The configuration is important because it determines how we build the channel allocator allocator that we eventually provide to each worker: allocator will be responsible for building communication channels to other workers, and it will need to know where these other workers are.

Channel Allocators

The allocator reference bound by the worker closure is the only handle a worker has to the outside world (other than any values you move into the closure). It wraps up all the information we have about this workers place in the world, and provides the ability to assemble channels to the other workers.

There are a few implementations of the Allocate trait, which is defined as

pub trait Allocate {
    fn index(&self) -> usize;
    fn peers(&self) -> usize;
    fn allocate<T: Data>(&mut self) -> (Vec<Box<Push<T>>>, Box<Pull<T>>);
}

These methods are the only functionality provided by allocator. A worker can ask for its own index, which is a number from zero up to the number of total peer workers (including itself), which it can also ask for. Perhaps most importantly, the worker can also request the allocation of a typed channel, which is returned as a pair of (i) a list of Push endpoints into which it can send data, and (ii) a single Pull endpoint from which it can extract data. The list has length equal to the number of peers, and data sent into push endpoint i will eventually be received by the worker with index i, if it keeps pulling on its pull endpoint.

The channels are various and interesting, but should be smartly arranged. The channel from the worker back to itself is just a queue, the channels within the same process are Rust's inter-thread channels, and the channels between processes will automatically serialize and deserialize the type T for you (this is part of the T: Data requirement).

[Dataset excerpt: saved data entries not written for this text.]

(* Assume the axiomatic setting described in the context, with Axioms (A1)–(A4). Suppose that for some $1\le p<\infty$ and $\beta>0$ with $Q-(\beta+\theta)p>0$ there is $C=C_{p,\beta}>0$ such that $$\nu(\{u\in Y:(\chi_E)^d_\delta(u)>\lambda\})\le C\lambda^{-p}\delta^{-\beta p}\mu(E)$$ for every $\mu$-measurable $E\subset X$, every $\lambda>0$ and every $0<\delta<1$. Then the Hausdorff dimension with respect to $d$ of every generalized Kakeya set in $X$ is at least $Q-(\beta+\theta)p$.
   Context: Let $(X,d)$ be a complete separable metric space with a Borel measure $\mu$ and constants $Q>1/2$, $C_0\in(0,\infty)$ such that $\mu(B_d(x,r))\le C_0r^Q$ for all $x\in X$ and $0<r<\mathrm{diam}_d(X)$ ($B_d$ closed balls). Let $d'$ be a second metric on $X$ with $(X,d')$ separable. Let $(Z,d_Z)$ be a metric space, $Y\subset Z$ compact, $\nu$ a Borel measure on $Z$ with $0<\nu(Y)\le1$, and $1\le S<2Q$, $0<\tilde c_0\le\tilde C_0$ with $\tilde c_0r^S\le\nu(B_{d_Z}(u,r))\le\tilde C_0r^S$ for $u\in Y$, $0<r<\mathrm{diam}_{d_Z}(Y)$. Let $\mathcal A$ be a set of parameters; to each $a\in\mathcal A$, $u\in Y$ are associated $F_u(a)\subset I_u(a)\subset\tilde I_u(a)\subset X$ with $c\le\mathrm{diam}_{d'}I_u(a)\le c'$, $\mathrm{diam}_{d'}\tilde I_u(a)\le\bar c\,\mathrm{diam}_{d'}I_u(a)$ (constants $0<c\le c'$, $\bar c\ge1$), and a measure $\mu_{u,a}$ on $F_u(a)$ with total mass $1$, doubling with a uniform constant: $\mu_{u,a}(F_u(a)\cap B_d(x,2r))\le C\mu_{u,a}(F_u(a)\cap B_d(x,r))$ for $x\in F_u(a)$. For $0<\delta<1$, $T^\delta_u(a)=\{x:d(x,I_u(a))\le\delta\}$, $\tilde T^{W\delta}_u(a)=\{x:d(x,\tilde I_u(a))\le W\delta\}$, with $W$ from (A4). Axioms: (A1) $u\mapsto\mu(T^\delta_u(a))$ is continuous on $Y$; there are $S/2<T<Q$, $0<c_1\le c_2$ with $c_1\delta^T\le\mu(T^\delta_u(a))\le\mu(\tilde T^{W\delta}_u(a))\le c_2\delta^T$, and $\mu(A)\le c_2\,\mathrm{diam}_{d'}(A)\delta^T$ for $A\subset\tilde T^{W\delta}_u(a)$. (A2) There are $0\le\theta<\frac{2Q-2T+S}{S+2}$, $K'>0$, $K\ge1$ such that for all $a,u$, $x\in F_u(a)$, $\delta\le r\le2\delta$: if $\mu_{u,a}(F_u(a)\cap B_d(x,r))=M>0$ then $\mu(T^\delta_u(a)\cap B_d(x,Kr))\ge K'M\delta^\theta\mu(T^\delta_u(a))$. (A3) There is $b>0$ with $\mathrm{diam}_{d'}(\tilde T^{W\delta}_u(a)\cap\tilde T^{W\delta}_v(a'))\le b\delta/d_Z(u,v)$. (A4) There are $0<W,\bar N<\infty$ such that if $d_Z(u,v)\le\delta$, $a\in\mathcal A$, then $T^\delta_u(a)$ is covered by at most $\bar N$ tubes $\tilde T^{W\delta}_v(b_k)$, $b_k\in\mathcal A$. A generalized Kakeya set is $B\subset X$ with $\mu(B)=0$ such that each $u\in Y$ has some $a\in\mathcal A$ with $F_u(a)\subset B$. For $f\in L^1_{loc}(X,\mu)$, $f^d_\delta(u)=\sup_{a\in\mathcal A}\frac1{\mu(T^\delta_u(a))}\int_{T^\delta_u(a)}|f|\,d\mu$; $\chi_E$ is the indicator of $E$. *)

theory Defs
  imports "HOL-Analysis.Analysis"
begin

definition ediam :: "('a \<Rightarrow> 'a \<Rightarrow> real) \<Rightarrow> 'a set \<Rightarrow> ennreal" where
  "ediam d A = (SUP x\<in>A. SUP y\<in>A. ennreal (d x y))"

definition setdist_pt :: "('a \<Rightarrow> 'a \<Rightarrow> real) \<Rightarrow> 'a \<Rightarrow> 'a set \<Rightarrow> real" where
  "setdist_pt d x A = (INF y\<in>A. d x y)"

definition cball_d :: "('a \<Rightarrow> 'a \<Rightarrow> real) \<Rightarrow> 'a \<Rightarrow> real \<Rightarrow> 'a set" where
  "cball_d d x r = {y. d x y \<le> r}"

definition metric_borel :: "('a \<Rightarrow> 'a \<Rightarrow> real) \<Rightarrow> 'a measure" where
  "metric_borel d = sigma UNIV {U. openin (Metric_space.mtopology UNIV d) U}"

definition hausdorff_pre :: "('a \<Rightarrow> 'a \<Rightarrow> real) \<Rightarrow> real \<Rightarrow> real \<Rightarrow> 'a set \<Rightarrow> ennreal" where
  "hausdorff_pre d s eps A =
     (INF C \<in> {C :: nat \<Rightarrow> 'a set. A \<subseteq> (\<Union>i. C i) \<and> (\<forall>i. ediam d (C i) \<le> ennreal eps)}.
        (\<Sum>i. (if C i = {} then 0 else ennreal ((enn2real (ediam d (C i))) powr s))))"

definition hausdorff_measure :: "('a \<Rightarrow> 'a \<Rightarrow> real) \<Rightarrow> real \<Rightarrow> 'a set \<Rightarrow> ennreal" where
  "hausdorff_measure d s A = (SUP eps\<in>{0<..}. hausdorff_pre d s eps A)"

definition hausdorff_dim :: "('a \<Rightarrow> 'a \<Rightarrow> real) \<Rightarrow> 'a set \<Rightarrow> ereal" where
  "hausdorff_dim d A = Inf (ereal ` {s. 0 < s \<and> hausdorff_measure d s A = 0})"

definition tube :: "('a \<Rightarrow> 'a \<Rightarrow> real) \<Rightarrow> ('z \<Rightarrow> 'p \<Rightarrow> 'a set) \<Rightarrow> real \<Rightarrow> 'z \<Rightarrow> 'p \<Rightarrow> 'a set" where
  "tube d I delta u a = {x. setdist_pt d x (I u a) \<le> delta}"

definition kakeya_maximal ::
  "'a measure \<Rightarrow> ('a \<Rightarrow> 'a \<Rightarrow> real) \<Rightarrow> 'p set \<Rightarrow> ('z \<Rightarrow> 'p \<Rightarrow> 'a set)
     \<Rightarrow> ('a \<Rightarrow> real) \<Rightarrow> real \<Rightarrow> 'z \<Rightarrow> ennreal" where
  "kakeya_maximal mu d Par I f delta u =
     (SUP a\<in>Par. ennreal (1 / measure mu (tube d I delta u a)) *
        (\<integral>\<^sup>+ x. ennreal \<bar>f x\<bar> * indicator (tube d I delta u a) x \<partial>(completion mu)))"

definition generalized_kakeya ::
  "'a measure \<Rightarrow> 'z set \<Rightarrow> 'p set \<Rightarrow> ('z \<Rightarrow> 'p \<Rightarrow> 'a set) \<Rightarrow> 'a set \<Rightarrow> bool" where
  "generalized_kakeya mu Y Par F B \<longleftrightarrow>
     B \<in> null_sets (completion mu) \<and> (\<forall>u\<in>Y. \<exists>a\<in>Par. F u a \<subseteq> B)"

end

theory Submission
  imports Defs
begin

text \<open>Suppose \<open>H\<^sup>s(B) = 0\<close> for some \<open>s < Q - (\<beta> + \<theta>) p\<close>. Cover \<open>B\<close> by balls \<open>B(x_i, r_i)\<close> with
  \<open>\<Sum> r_i\<^sup>s\<close> small and sort the balls into dyadic bands \<open>\<delta>_k \<le> r_i < 2 \<delta>_k\<close>, \<open>\<delta>_k = 2\<^sup>-\<^sup>k\<^sup>-\<^sup>1\<close>.
  Each \<open>F_u(a) \<subseteq> B\<close> has \<open>\<mu>_u_a\<close>-mass 1, so the balls of some band \<open>k\<close> carry \<open>\<mu>_u_a\<close>-mass at least
  \<open>m_k \<approx> \<delta>_k\<^sup>\<gamma>\<close>, where \<open>\<gamma> p = Q - (\<beta> + \<theta>) p - s\<close>. A maximal separated subfamily of them,
  the doubling of \<open>\<mu>_u_a\<close> and (A2) show that the tube of width \<open>\<delta>_k\<close> around \<open>I_u(a)\<close> meets the
  union \<open>E_k\<close> of the enlarged band-\<open>k\<close> balls in proportion \<open>\<gtrsim> \<delta>_k\<^sup>\<theta> m_k\<close>, so \<open>u\<close> lies in a
  superlevel set of the maximal function of \<open>\<chi>(E_k)\<close> at scale \<open>\<delta>_k\<close>. Summing the maximal
  inequality over the bands, with \<open>\<mu>(E_k) \<le> C\<^sub>0 \<Sum> r_i\<^sup>Q\<close>, bounds \<open>\<nu>(Y)\<close> by a multiple of
  \<open>\<Sum> r_i\<^sup>s\<close>, a contradiction.\<close>

lemma space_metric_borel [simp]: "space (metric_borel d) = UNIV"
  unfolding metric_borel_def by (simp add: space_measure_of)

lemma cball_d_in_metric_borel:
  assumes "Metric_space UNIV d"
  shows "cball_d d x r \<in> sets (metric_borel d)"
proof -
  interpret Metric_space UNIV d by fact
  have "openin mtopology (- mcball x r)"
    using closedin_mcball[of x r] by (simp add: closedin_def Compl_eq_Diff_UNIV)
  then have "UNIV - (- mcball x r) \<in> sigma_sets UNIV {U. openin mtopology U}"
    by (intro sigma_sets.Compl sigma_sets.Basic) simp
  then show ?thesis
    by (simp add: metric_borel_def sets_measure_of cball_d_def mcball_def)
qed

lemma outer_measure_of_countable_subadditive:
  assumes "\<And>k. A k \<subseteq> space M"
  shows "outer_measure_of M (\<Union>k. A k) \<le> (\<Sum>k. outer_measure_of M (A k))"
proof -
  have "\<forall>k. \<exists>E\<in>sets M. A k \<subseteq> E \<and> outer_measure_of M (A k) = emeasure M E"
    using outer_measure_of_attain[OF assms] by blast
  then obtain E where E: "\<And>k. E k \<in> sets M" "\<And>k. A k \<subseteq> E k"
    "\<And>k. outer_measure_of M (A k) = emeasure M (E k)"
    by metis
  have "outer_measure_of M (\<Union>k. A k) \<le> outer_measure_of M (\<Union>k. E k)"
    using E(2) by (intro outer_measure_of_mono) blast
  also have "\<dots> = emeasure M (\<Union>k. E k)"
    using E(1) by (intro outer_measure_of_eq) auto
  also have "\<dots> \<le> (\<Sum>k. emeasure M (E k))"
    using E(1) by (intro emeasure_subadditive_countably) auto
  finally show ?thesis using E(3) by simp
qed

lemma suminf_ennreal_commute:
  fixes f :: "nat \<Rightarrow> nat \<Rightarrow> ennreal"
  shows "(\<Sum>k. \<Sum>i. f k i) = (\<Sum>i. \<Sum>k. f k i)"
proof -
  have "(\<Sum>k. \<Sum>i. f k i) = (\<Sum>k. SUP n. \<Sum>i<n. f k i)"
    by (simp add: suminf_eq_SUP)
  also have "\<dots> = (SUP n. \<Sum>k. \<Sum>i<n. f k i)"
    by (rule ennreal_suminf_SUP_eq) (auto simp: incseq_def intro!: sum_mono2)
  also have "\<dots> = (SUP n. \<Sum>i<n. \<Sum>k. f k i)"
    by (subst suminf_sum) (auto intro: summableI)
  also have "\<dots> = (\<Sum>i. \<Sum>k. f k i)"
    by (simp add: suminf_eq_SUP[of "\<lambda>i. \<Sum>k. f k i"])
  finally show ?thesis .
qed

lemma suminf_ennreal_partition:
  fixes f :: "nat \<Rightarrow> ennreal"
  assumes "\<And>i. \<exists>!k. i \<in> J k"
  shows "(\<Sum>k. \<Sum>i. if i \<in> J k then f i else 0) = (\<Sum>i. f i)"
proof -
  have single: "(\<Sum>k. if i \<in> J k then f i else 0) = f i" for i
proof -
    obtain k0 where k0: "i \<in> J k0" "\<And>k. i \<in> J k \<Longrightarrow> k = k0"
      using assms[of i] by (auto simp: Ex1_def)
    then have "i \<in> J k \<longleftrightarrow> k = k0" for k by blast
    then have "(\<lambda>k. if i \<in> J k then f i else 0) = (\<lambda>k. if k = k0 then f i else 0)"
      by simp
    moreover have "(\<lambda>k. if k = k0 then f i else 0) sums f i"
      using sums_single[of k0 "\<lambda>_. f i"] by simp
    ultimately show ?thesis by (simp add: sums_iff)
  qed
  have "(\<Sum>k. \<Sum>i. if i \<in> J k then f i else 0) = (\<Sum>i. \<Sum>k. if i \<in> J k then f i else 0)"
    by (rule suminf_ennreal_commute)
  also have "\<dots> = (\<Sum>i. f i)" using single by simp
  finally show ?thesis .
qed

lemma exists_finite_subfamily_emeasure_gt:
  fixes A :: "nat \<Rightarrow> 'a set"
  assumes "\<And>i. i \<in> J \<Longrightarrow> A i \<in> sets M" "m < emeasure M (\<Union>i\<in>J. A i)"
  shows "\<exists>P\<subseteq>J. finite P \<and> m < emeasure M (\<Union>i\<in>P. A i)"
proof -
  have "(\<Union>i\<in>J. A i) = (\<Union>n. \<Union>i\<in>J \<inter> {..<n}. A i)" by auto
  moreover have "(SUP n. emeasure M (\<Union>i\<in>J \<inter> {..<n}. A i)) = emeasure M (\<Union>n. \<Union>i\<in>J \<inter> {..<n}. A i)"
    using assms(1) by (intro SUP_emeasure_incseq) (auto simp: incseq_def)
  ultimately have "m < (SUP n. emeasure M (\<Union>i\<in>J \<inter> {..<n}. A i))"
    using assms(2) by simp
  then obtain n where "m < emeasure M (\<Union>i\<in>J \<inter> {..<n}. A i)"
    by (auto simp: less_SUP_iff)
  then show ?thesis by (intro exI[of _ "J \<inter> {..<n}"]) auto
qed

One crucial assumption made in this design is that the channels can be identified by their order of creation. If two workers start executing in different processes, allocating multiple channels, the only way we will know how to align these channels is by identifiers handed out as the channels are allocated. I strongly recommend against non-deterministic channel construction, or "optimizing out" some channels from some workers.

The Data Trait

The Data trait that we impose on all types that we exchange is a "marker trait": it wraps several constraints together, like so

pub trait Data : Send+Any+Serialize+Clone+'static { }
impl<T: Clone+Send+Any+Serialize+'static> Data for T { }

These traits are all Rust traits, except for Serialize, and they mostly just say that we can clone and send the data around. The Serialize trait is something we introduce, and asks for methods to get into and out of a sequence of bytes.

pub trait Serialize {
    fn into_bytes(&mut self, &mut Vec<u8>);
    fn from_bytes(&mut Vec<u8>) -> Self;
}

We have a blanket implementation of Serialize for any type that implements Abomonation. Ideally, you shouldn't have to worry about this, unless you are introducing a new type and need an Abomonation implementation or you are hoping to move some types containing fields that do not satisfy those Rust traits.

Push and Pull

The two traits Push and Pull are the heart of the communication underlying timely dataflow. They are very simple, but relatively subtle and interesting and perhaps even under-exploited.

Push

The Push trait looks like so (with two helper methods elided):

pub trait Push<T> {
    fn push(&mut self, element: &mut Option<T>);
}

That's all of it.

The push method takes a mutable reference to an option wrapped around a thing. This is your way of telling the communication layer that, (i) if the reference points to a thing, you'd really like to push it into the channel, and (ii) if the reference doesn't point to a thing this is the cue that you might walk away for a while. It is important to send a None if you would like to ensure that whatever you've pushed in the past should be guaranteed to get through without further work on your part.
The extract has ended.